● **WHAT THIS TASK INVOLVES**
Report the count of lines in the listing below that include the string "lemma", with no other text.

---------- LISTED ENTRIES ----------

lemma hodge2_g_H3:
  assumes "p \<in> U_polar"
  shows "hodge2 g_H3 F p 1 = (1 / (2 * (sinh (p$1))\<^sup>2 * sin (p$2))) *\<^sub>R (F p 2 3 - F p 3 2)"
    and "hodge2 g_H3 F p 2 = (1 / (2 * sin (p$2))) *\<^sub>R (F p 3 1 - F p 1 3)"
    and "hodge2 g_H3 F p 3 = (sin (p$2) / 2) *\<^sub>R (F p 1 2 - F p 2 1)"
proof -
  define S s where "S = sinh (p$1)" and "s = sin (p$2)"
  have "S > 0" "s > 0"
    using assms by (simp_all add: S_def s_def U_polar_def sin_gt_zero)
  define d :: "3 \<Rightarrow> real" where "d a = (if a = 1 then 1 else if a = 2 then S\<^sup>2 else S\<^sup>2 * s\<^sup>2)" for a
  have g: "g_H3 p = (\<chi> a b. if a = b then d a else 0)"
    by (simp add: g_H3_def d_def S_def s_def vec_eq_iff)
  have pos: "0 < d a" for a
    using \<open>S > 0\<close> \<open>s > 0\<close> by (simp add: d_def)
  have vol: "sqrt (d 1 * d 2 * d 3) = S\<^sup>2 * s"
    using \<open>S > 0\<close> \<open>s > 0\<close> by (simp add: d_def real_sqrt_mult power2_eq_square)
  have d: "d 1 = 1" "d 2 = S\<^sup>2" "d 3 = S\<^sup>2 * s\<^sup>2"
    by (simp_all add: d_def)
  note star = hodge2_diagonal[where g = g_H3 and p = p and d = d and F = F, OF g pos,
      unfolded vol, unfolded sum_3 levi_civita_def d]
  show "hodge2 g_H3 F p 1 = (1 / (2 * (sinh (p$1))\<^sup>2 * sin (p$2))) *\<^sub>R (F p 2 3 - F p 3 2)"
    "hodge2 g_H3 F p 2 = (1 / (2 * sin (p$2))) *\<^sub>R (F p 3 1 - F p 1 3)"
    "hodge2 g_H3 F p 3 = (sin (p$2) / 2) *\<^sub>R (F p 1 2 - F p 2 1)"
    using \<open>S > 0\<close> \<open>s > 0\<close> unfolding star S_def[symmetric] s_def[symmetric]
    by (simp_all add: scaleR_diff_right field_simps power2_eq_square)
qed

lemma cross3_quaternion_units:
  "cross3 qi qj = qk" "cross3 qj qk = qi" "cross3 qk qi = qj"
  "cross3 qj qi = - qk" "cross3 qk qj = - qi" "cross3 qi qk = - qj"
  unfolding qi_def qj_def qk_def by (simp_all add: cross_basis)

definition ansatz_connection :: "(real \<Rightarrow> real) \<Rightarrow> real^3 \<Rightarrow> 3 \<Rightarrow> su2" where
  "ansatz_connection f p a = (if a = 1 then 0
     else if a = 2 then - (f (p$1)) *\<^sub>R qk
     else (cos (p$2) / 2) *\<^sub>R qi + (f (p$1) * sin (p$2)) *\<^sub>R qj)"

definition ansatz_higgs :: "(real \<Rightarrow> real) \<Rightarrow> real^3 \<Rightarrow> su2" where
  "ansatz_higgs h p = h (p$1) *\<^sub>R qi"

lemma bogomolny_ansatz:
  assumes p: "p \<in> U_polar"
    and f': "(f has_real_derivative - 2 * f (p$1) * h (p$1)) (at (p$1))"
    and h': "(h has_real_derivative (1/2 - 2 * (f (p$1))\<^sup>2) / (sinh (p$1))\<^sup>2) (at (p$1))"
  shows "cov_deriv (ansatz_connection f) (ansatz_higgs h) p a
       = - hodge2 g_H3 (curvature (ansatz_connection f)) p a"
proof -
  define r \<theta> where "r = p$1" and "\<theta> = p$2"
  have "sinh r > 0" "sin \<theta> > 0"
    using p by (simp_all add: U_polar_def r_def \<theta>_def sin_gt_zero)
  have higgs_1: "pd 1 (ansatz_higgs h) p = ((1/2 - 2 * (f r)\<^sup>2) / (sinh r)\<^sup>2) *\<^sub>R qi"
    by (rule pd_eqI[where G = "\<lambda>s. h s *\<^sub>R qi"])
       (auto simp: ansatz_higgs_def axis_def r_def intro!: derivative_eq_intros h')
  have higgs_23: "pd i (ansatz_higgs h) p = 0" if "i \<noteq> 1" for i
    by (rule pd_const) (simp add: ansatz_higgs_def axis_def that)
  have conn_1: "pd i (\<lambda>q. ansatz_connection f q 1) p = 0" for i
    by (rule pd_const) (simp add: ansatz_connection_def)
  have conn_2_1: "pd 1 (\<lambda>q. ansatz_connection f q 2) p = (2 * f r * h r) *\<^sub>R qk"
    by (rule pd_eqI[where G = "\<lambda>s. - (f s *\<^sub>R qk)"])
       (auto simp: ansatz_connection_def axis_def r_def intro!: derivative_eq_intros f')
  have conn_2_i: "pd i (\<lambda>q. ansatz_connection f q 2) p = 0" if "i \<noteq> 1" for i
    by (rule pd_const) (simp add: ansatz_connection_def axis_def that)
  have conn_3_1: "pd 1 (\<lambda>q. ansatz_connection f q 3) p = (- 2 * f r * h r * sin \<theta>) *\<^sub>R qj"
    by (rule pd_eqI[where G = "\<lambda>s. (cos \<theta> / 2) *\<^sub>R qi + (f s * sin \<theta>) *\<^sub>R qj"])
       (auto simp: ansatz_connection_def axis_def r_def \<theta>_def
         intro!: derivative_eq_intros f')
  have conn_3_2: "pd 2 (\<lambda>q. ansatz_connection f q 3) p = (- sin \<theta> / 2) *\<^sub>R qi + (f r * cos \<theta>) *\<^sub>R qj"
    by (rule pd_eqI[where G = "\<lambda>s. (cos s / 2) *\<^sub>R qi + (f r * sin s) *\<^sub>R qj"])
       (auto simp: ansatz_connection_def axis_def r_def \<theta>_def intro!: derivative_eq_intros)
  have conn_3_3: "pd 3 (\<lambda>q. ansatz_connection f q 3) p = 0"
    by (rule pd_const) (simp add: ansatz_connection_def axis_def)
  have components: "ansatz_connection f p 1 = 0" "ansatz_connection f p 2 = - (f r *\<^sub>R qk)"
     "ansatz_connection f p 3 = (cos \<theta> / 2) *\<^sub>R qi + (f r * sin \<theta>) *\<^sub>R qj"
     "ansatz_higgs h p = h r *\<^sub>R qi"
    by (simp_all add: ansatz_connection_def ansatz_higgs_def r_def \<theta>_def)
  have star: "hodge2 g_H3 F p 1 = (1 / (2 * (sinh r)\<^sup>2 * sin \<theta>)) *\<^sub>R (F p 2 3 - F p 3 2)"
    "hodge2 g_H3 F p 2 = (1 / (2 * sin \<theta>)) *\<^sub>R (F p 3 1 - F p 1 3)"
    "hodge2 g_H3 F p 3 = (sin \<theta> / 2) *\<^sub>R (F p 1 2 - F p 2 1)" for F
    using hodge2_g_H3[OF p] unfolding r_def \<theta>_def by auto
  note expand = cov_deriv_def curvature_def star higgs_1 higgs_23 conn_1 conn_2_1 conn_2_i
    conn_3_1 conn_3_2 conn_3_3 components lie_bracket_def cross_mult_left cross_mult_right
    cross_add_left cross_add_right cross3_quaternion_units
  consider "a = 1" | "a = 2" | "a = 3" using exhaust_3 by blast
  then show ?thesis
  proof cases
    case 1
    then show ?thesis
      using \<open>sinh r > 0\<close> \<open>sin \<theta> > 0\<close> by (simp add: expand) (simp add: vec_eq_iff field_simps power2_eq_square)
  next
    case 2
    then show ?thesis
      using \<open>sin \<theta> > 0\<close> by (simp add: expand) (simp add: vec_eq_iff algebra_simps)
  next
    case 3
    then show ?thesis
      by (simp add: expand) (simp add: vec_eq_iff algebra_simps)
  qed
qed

----------

● **RESPONSE**
3